● **Stored data**:
================

(* Let $X$ be an analytic planar vector field having an isochronous center, with a first integral $H$, and suppose there exists a differentiable linearization $L$ (a local diffeomorphism defined in a neighborhood of the center) conjugating $X$ with the linear vector field $X_L=-\omega v\frac{\partial}{\partial u}+\omega u\frac{\partial}{\partial v}$, $\omega>0$, i.e. $X_L(u,v)=\left(DL\cdot X\right)|_{L^{-1}(u,v)}$. For $\epsilon\in\mathbb{R}$ let $$\Phi_{L,\epsilon}(u,v)=\left(\frac{(1-\epsilon^{2}\omega^{2})u-2\epsilon\omega v}{\epsilon^{2}\omega^{2}+1},\ \frac{2\epsilon\omega u+(1-\epsilon^{2}\omega^{2})v}{\epsilon^{2}\omega^{2}+1}\right)$$ and let $\widetilde{\Phi}_\epsilon=L^{-1}\circ\Phi_{L,\epsilon}\circ L$ (the pseudo-KHK map of $X$). Then: (a) $X$ is a Lie symmetry of $\widetilde{\Phi}_\epsilon$; (b) $H$ is a first integral of $\widetilde{\Phi}_\epsilon$ (as it is of $X$); (c) on each closed curve $C_h=\{H=h\}$ contained in the domain of definition of $L$, the restriction $\widetilde{\Phi}_\epsilon|_{C_h}$ is conjugate to a rotation, and for any fixed $\epsilon$ the rotation number $\rho_\epsilon(h)$ is constant (independent of $h$); (d) $\widetilde{\Phi}_\epsilon$ preserves a measure absolutely continuous with respect to the Lebesgue measure.
   Context: An isochronous center is a singular point surrounded by periodic orbits all having the same period. A function $H$ is a first integral of a map $F$ if $H\circ F=H$. A vector field $X$ is a Lie symmetry of a map $F$ if $X(F(\mathbf{x}))=DF(\mathbf{x})\,X(\mathbf{x})$. $\Phi_{L,\epsilon}$ is the KHK map of $X_L$. *)

theory Defs
  imports "HOL-Analysis.Analysis"
begin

================

● **Work instructions**:
Quote the material exactly, leaving nothing out.

● **Solution to the exercise**:
(* Let $X$ be an analytic planar vector field having an isochronous center, with a first integral $H$, and suppose there exists a differentiable linearization $L$ (a local diffeomorphism defined in a neighborhood of the center) conjugating $X$ with the linear vector field $X_L=-\omega v\frac{\partial}{\partial u}+\omega u\frac{\partial}{\partial v}$, $\omega>0$, i.e. $X_L(u,v)=\left(DL\cdot X\right)|_{L^{-1}(u,v)}$. For $\epsilon\in\mathbb{R}$ let $$\Phi_{L,\epsilon}(u,v)=\left(\frac{(1-\epsilon^{2}\omega^{2})u-2\epsilon\omega v}{\epsilon^{2}\omega^{2}+1},\ \frac{2\epsilon\omega u+(1-\epsilon^{2}\omega^{2})v}{\epsilon^{2}\omega^{2}+1}\right)$$ and let $\widetilde{\Phi}_\epsilon=L^{-1}\circ\Phi_{L,\epsilon}\circ L$ (the pseudo-KHK map of $X$). Then: (a) $X$ is a Lie symmetry of $\widetilde{\Phi}_\epsilon$; (b) $H$ is a first integral of $\widetilde{\Phi}_\epsilon$ (as it is of $X$); (c) on each closed curve $C_h=\{H=h\}$ contained in the domain of definition of $L$, the restriction $\widetilde{\Phi}_\epsilon|_{C_h}$ is conjugate to a rotation, and for any fixed $\epsilon$ the rotation number $\rho_\epsilon(h)$ is constant (independent of $h$); (d) $\widetilde{\Phi}_\epsilon$ preserves a measure absolutely continuous with respect to the Lebesgue measure.
   Context: An isochronous center is a singular point surrounded by periodic orbits all having the same period. A function $H$ is a first integral of a map $F$ if $H\circ F=H$. A vector field $X$ is a Lie symmetry of a map $F$ if $X(F(\mathbf{x}))=DF(\mathbf{x})\,X(\mathbf{x})$. $\Phi_{L,\epsilon}$ is the KHK map of $X_L$. *)

theory Defs
  imports "HOL-Analysis.Analysis"
begin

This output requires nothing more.